2008 District of Columbia Democratic presidential primary
| Candidate | Barack Obama | Hillary Clinton |
| Home state | Illinois | New York |
| Delegate count | 12 | 3 |
| Popular vote | 93,386 | 29,470 |
| Percentage | 75.31% | 23.77% |
- Election results by ward Obama: 60–70% 70–80% 80–90%

= 2008 District of Columbia Democratic presidential primary =

The 2008 District of Columbia Democratic presidential primary took place on February 12, 2008, nicknamed the "Potomac Primary" because Maryland and Virginia, which border the Potomac River, also held Democratic primaries that day. Fifteen delegates were up for grabs in the District of Columbia Democratic Primary, including 10 delegates from the District of Columbia's municipal subdivisions (five delegates for Wards 1-4, and five delegates for Wards 5-8). An additional five delegates were awarded to the at-large winner, Barack Obama. These 15 delegates represented the District of Columbia at the Democratic National Convention in Denver, Colorado. A total of 24 unpledged delegates, known as superdelegates, also attended the convention and cast their votes as well.

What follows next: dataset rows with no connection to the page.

theorem lemma4p6:
  fixes U :: "real \<Rightarrow> real \<Rightarrow> real"
  assumes sol: "\<forall>\<epsilon>\<in>{0<..<1}. dirichlet_solution \<epsilon> (U \<epsilon>)"
  shows "(\<forall>K. compact K \<and> K \<subseteq> {0<..} \<longrightarrow> uniform_limit K U (\<lambda>x. 0) (at_right 0))
    \<and> (\<forall>\<epsilon>\<in>{0<..<1}. \<forall>x\<ge>1.
          \<bar>U \<epsilon> x - 0\<bar> = sqrt \<epsilon> / (x + sqrt \<epsilon>) \<and> sqrt \<epsilon> / (x + sqrt \<epsilon>) \<ge> sqrt \<epsilon> / (2 * x))
    \<and> (\<forall>d>1. \<exists>c>0. \<forall>\<epsilon>\<in>{0<..<1}.
          c * sqrt \<epsilon> \<le> (SUP x\<in>{1<..<d}. \<bar>U \<epsilon> x - 0\<bar>) \<and>
          (SUP x\<in>{1<..<d}. \<bar>U \<epsilon> x - 0\<bar>) \<le> sqrt \<epsilon>)"
proof -
  have U: "U \<epsilon> x = sqrt \<epsilon> / (x + sqrt \<epsilon>)" if "\<epsilon> \<in> {0<..<1}" "0 \<le> x" for \<epsilon> x
    using dirichlet_solution_eq[of \<epsilon> "U \<epsilon>" x] sol that by simp
  have abs_U: "\<bar>U \<epsilon> x - 0\<bar> = sqrt \<epsilon> / (x + sqrt \<epsilon>)" if "\<epsilon> \<in> {0<..<1}" "0 \<le> x" for \<epsilon> x
    using U[OF that] that by simp
  have "uniform_limit K U (\<lambda>x. 0) (at_right 0)" if K: "compact K" "K \<subseteq> {0<..}" for K
  proof -
    have "\<forall>\<^sub>F \<epsilon> in at_right 0. \<forall>x\<in>K. sqrt \<epsilon> / (x + sqrt \<epsilon>) = U \<epsilon> x"
      using eventually_at_right_real[OF zero_less_one]
      by eventually_elim (use U K(2) in force)
    with uniform_limit_sqrt_profile[OF K] show ?thesis
      by (simp add: uniform_limit_cong)
  qed
  moreover have "sqrt \<epsilon> / (2 * x) \<le> sqrt \<epsilon> / (x + sqrt \<epsilon>)" if "\<epsilon> \<in> {0<..<1}" "1 \<le> x" for \<epsilon> x
    using that by (intro divide_double_le_divide_add) (auto intro: order_trans[of _ 1])
  moreover have "(SUP x\<in>{1<..<d}. \<bar>U \<epsilon> x - 0\<bar>) = (SUP x\<in>{1<..<d}. sqrt \<epsilon> / (x + sqrt \<epsilon>))"
    if "\<epsilon> \<in> {0<..<1}" for \<epsilon> d
    using abs_U[OF that] by (intro SUP_cong) auto
  ultimately show ?thesis
    using abs_U SUP_sqrt_profile_bounds[of "sqrt _"]
    by (fastforce intro!: exI[of _ "1/3"])
qed
lemma log_cover_mono: "V \<subseteq> U \<Longrightarrow> log_cover l H V e \<le> log_cover l H U e"
  unfolding log_cover_eq_log2_enat by (intro log2_enat_mono cover_num_mono)

lemma log_cover_antimono: "antimono (log_cover l H U)"
  unfolding antimono_def log_cover_eq_log2_enat by (blast intro: log2_enat_mono cover_num_antimono)

lemma borel_measurable_antimono_ennreal:
  fixes f :: "real \<Rightarrow> ennreal"
  assumes "antimono f"
  shows "f \<in> borel_measurable borel"
proof (rule borel_measurableI_greater)
  fix y
  have "is_interval {x. y < f x}"
    using assms unfolding is_interval_1 antimono_def by (auto intro: less_le_trans)
  then show "{x \<in> space borel. y < f x} \<in> sets borel"
    by (simp add: real_interval_borel_measurable)
qed

lemma nn_integral_Icc_add_le:
  fixes f g\<^sub>0 g\<^sub>1 :: "real \<Rightarrow> ennreal"
  assumes [measurable]: "f \<in> borel_measurable borel" "g\<^sub>0 \<in> borel_measurable borel"
      "g\<^sub>1 \<in> borel_measurable borel"
    and "\<And>e. g\<^sub>0 e \<le> f e" "\<And>e. g\<^sub>1 e \<le> f e"
    and gain: "\<And>e. 0 \<le> e \<Longrightarrow> e < \<delta> \<Longrightarrow> g\<^sub>0 e + g\<^sub>1 e + 2 \<le> 2 * f e"
    and "0 \<le> \<delta>" "\<delta> \<le> D"
  shows "(\<integral>\<^sup>+ e \<in> {0..D}. g\<^sub>0 e \<partial>lborel) + (\<integral>\<^sup>+ e \<in> {0..D}. g\<^sub>1 e \<partial>lborel) + 2 * ennreal \<delta>
           \<le> 2 * (\<integral>\<^sup>+ e \<in> {0..D}. f e \<partial>lborel)"
proof -
  let ?I = "indicator {0..D} :: real \<Rightarrow> ennreal" and ?J = "indicator {0..<\<delta>} :: real \<Rightarrow> ennreal"
  have pointwise: "g\<^sub>0 e * ?I e + g\<^sub>1 e * ?I e + 2 * ?J e \<le> 2 * (f e * ?I e)" for e
  proof (cases "0 \<le> e \<and> e < \<delta>")
    case True
    then show ?thesis using gain[of e] \<open>\<delta> \<le> D\<close> by (simp add: indicator_def)
  next
    case False
    have "g\<^sub>0 e * ?I e + g\<^sub>1 e * ?I e \<le> f e * ?I e + f e * ?I e"
      using assms(4,5) by (intro add_mono mult_right_mono) auto
    moreover have "?J e = 0" using False by simp
    ultimately show ?thesis by (simp only: mult_2 mult_zero_right add_0_right)
  qed
  have "(\<integral>\<^sup>+ e. g\<^sub>0 e * ?I e \<partial>lborel) + (\<integral>\<^sup>+ e. g\<^sub>1 e * ?I e \<partial>lborel) + 2 * ennreal \<delta>
      = (\<integral>\<^sup>+ e. g\<^sub>0 e * ?I e + g\<^sub>1 e * ?I e + 2 * ?J e \<partial>lborel)"
    using \<open>0 \<le> \<delta>\<close> by (simp add: nn_integral_add nn_integral_cmult_indicator)
  also have "\<dots> \<le> (\<integral>\<^sup>+ e. 2 * (f e * ?I e) \<partial>lborel)"
    by (intro nn_integral_mono pointwise)
  also have "\<dots> = 2 * (\<integral>\<^sup>+ e. f e * ?I e \<partial>lborel)"
    by (simp add: nn_integral_cmult)
  finally show ?thesis .
qed

lemma Phi_fibres_add_le:
  assumes "approx_pseudo_metric c l" "c \<ge> 1" "diam_l l H < \<infinity>" "U \<subseteq> H"
    and nonempty: "{h \<in> U. h x = s\<^sub>0} \<noteq> {}" "{h \<in> U. h x = s\<^sub>1} \<noteq> {}"
  shows "Phi l H {h \<in> U. h x = s\<^sub>0} + Phi l H {h \<in> U. h x = s\<^sub>1} + 2 * ennreal (l s\<^sub>0 s\<^sub>1 / (2 * c))
           \<le> 2 * Phi l H U"
proof -
  have measurable: "log_cover l H V \<in> borel_measurable borel" for V
    by (intro borel_measurable_antimono_ennreal log_cover_antimono)
  have mono: "log_cover l H {h \<in> U. h x = s} e \<le> log_cover l H U e" for s e
    by (intro log_cover_mono) blast
  have gain: "log_cover l H {h \<in> U. h x = s\<^sub>0} e + log_cover l H {h \<in> U. h x = s\<^sub>1} e + 2
      \<le> 2 * log_cover l H U e" if "e < l s\<^sub>0 s\<^sub>1 / (2 * c)" for e
    using that assms(1,2) nonempty by (intro log_cover_fibres_add_le) (auto simp: field_simps)
  have "0 \<le> l s\<^sub>0 s\<^sub>1" using assms(1,2) by (intro approx_pseudo_metric_nonneg) auto
  then have "0 \<le> l s\<^sub>0 s\<^sub>1 / (2 * c)" using \<open>c \<ge> 1\<close> by simp
  obtain u\<^sub>0 u\<^sub>1 where "u\<^sub>0 \<in> U" "u\<^sub>0 x = s\<^sub>0" "u\<^sub>1 \<in> U" "u\<^sub>1 x = s\<^sub>1"
    using nonempty by blast
  then have "ereal (l s\<^sub>0 s\<^sub>1) \<le> diam_l l H"
    using ereal_le_dist_l[of l u\<^sub>0 x u\<^sub>1] dist_l_le_diam_l[of u\<^sub>0 H u\<^sub>1 l] \<open>U \<subseteq> H\<close>
    by (meson order_trans subsetD)
  with \<open>diam_l l H < \<infinity>\<close> obtain D where D: "diam_l l H = ereal D" "l s\<^sub>0 s\<^sub>1 \<le> D"
    by (cases "diam_l l H") auto
  have "l s\<^sub>0 s\<^sub>1 / (2 * c) \<le> l s\<^sub>0 s\<^sub>1"
    using \<open>c \<ge> 1\<close> mult_right_mono[of 1 "2 * c" "l s\<^sub>0 s\<^sub>1"] \<open>0 \<le> l s\<^sub>0 s\<^sub>1\<close>
    by (simp add: field_simps)
  with D(2) have "l s\<^sub>0 s\<^sub>1 / (2 * c) \<le> D" by linarith
  then show ?thesis
    unfolding Phi_def D(1) real_of_ereal.simps
    using \<open>0 \<le> l s\<^sub>0 s\<^sub>1 / (2 * c)\<close>
    by (intro nn_integral_Icc_add_le measurable mono gain)
qed

lemma ennreal_min_add_le_of_add_le_double:
  fixes a\<^sub>0 a\<^sub>1 d p :: ennreal
  assumes "a\<^sub>0 + a\<^sub>1 + 2 * d \<le> 2 * p"
  shows "min a\<^sub>0 a\<^sub>1 + d \<le> p"
proof -
  have "2 * (min a\<^sub>0 a\<^sub>1 + d) \<le> a\<^sub>0 + a\<^sub>1 + 2 * d"
    by (simp add: distrib_left mult_2 add_mono)
  also note assms
  finally show ?thesis by (subst (asm) ennreal_mult_le_mult_iff) auto
qed

theorem lemma3p3:
  fixes l :: "'y \<Rightarrow> 'y \<Rightarrow> real" and c :: real
    and H U :: "('x \<Rightarrow> 'y) set" and x :: 'x and s0 s1 :: 'y
  assumes "c \<ge> 1" and "approx_pseudo_metric c l"
    and "diam_l l H < \<infinity>"
    and "U \<subseteq> H"
    and "{h \<in> U. h x = s0} \<noteq> {}" and "{h \<in> U. h x = s1} \<noteq> {}"
  shows "\<exists>b \<in> {s0, s1}.
           Phi l H {h \<in> U. h x = b} + ennreal (l s0 s1 / (4 * c)) \<le> Phi l H U"
proof -
  let ?\<gamma> = "l s0 s1" and ?\<Phi>\<^sub>0 = "Phi l H {h \<in> U. h x = s0}" and ?\<Phi>\<^sub>1 = "Phi l H {h \<in> U. h x = s1}"
  have "?\<Phi>\<^sub>0 + ?\<Phi>\<^sub>1 + 2 * ennreal (?\<gamma> / (2 * c)) \<le> 2 * Phi l H U"
    using assms by (intro Phi_fibres_add_le)
  then have "min ?\<Phi>\<^sub>0 ?\<Phi>\<^sub>1 + ennreal (?\<gamma> / (2 * c)) \<le> Phi l H U"
    by (rule ennreal_min_add_le_of_add_le_double)
  moreover have "?\<gamma> / (4 * c) \<le> ?\<gamma> / (2 * c)"
    using assms(1) approx_pseudo_metric_nonneg[OF assms(2), of s0 s1]
    by (intro divide_left_mono) auto
  ultimately have "min ?\<Phi>\<^sub>0 ?\<Phi>\<^sub>1 + ennreal (?\<gamma> / (4 * c)) \<le> Phi l H U"
    by (meson add_left_mono ennreal_leI order_trans)
  then show ?thesis by (cases "?\<Phi>\<^sub>0 \<le> ?\<Phi>\<^sub>1") (auto simp: min_def)
qed

end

Barack Obama received the endorsements of Mayor Adrian Fenty and former Mayor Marion Barry (both African Americans), while he and Hillary Clinton were both endorsed by various members on the District of Columbia City Council. Barack Obama won the District of Columbia, as he did the other Potomac contests that day. He earned 12 pledged delegates to Clinton's 3.

==Results==

2008 District of Columbia Democratic Presidential Primary Results
| Party |  | Candidate | Votes | Percentage | Delegates |
|  | Democratic | Barack Obama | 93,386 | 75.31% | 12 |
|  | Democratic | Hillary Clinton | 29,470 | 23.77% | 3 |
|  | Democratic | John Edwards | 347 | 0.28% | 0 |
|  | Democratic | Uncommitted | 339 | 0.27% | 0 |
|  | Democratic | Dennis Kucinich | 193 | 0.16% | 0 |
|  | Democratic | Bill Richardson | 145 | 0.12% | 0 |
|  | Democratic | Write-ins | 114 | 0.09% | 0 |
| Totals |  |  | 123,994 | 100.00% | 15 |
| Voter turnout |  |  | % |  | — |

==Analysis==
The District of Columbia is a city with a strong population of African Americans, a voting bloc that consistently backed Barack Obama nationwide. The District also includes highly educated upper-middle class professionals who tend to be relatively progressive, another segment of the population that often backed Obama.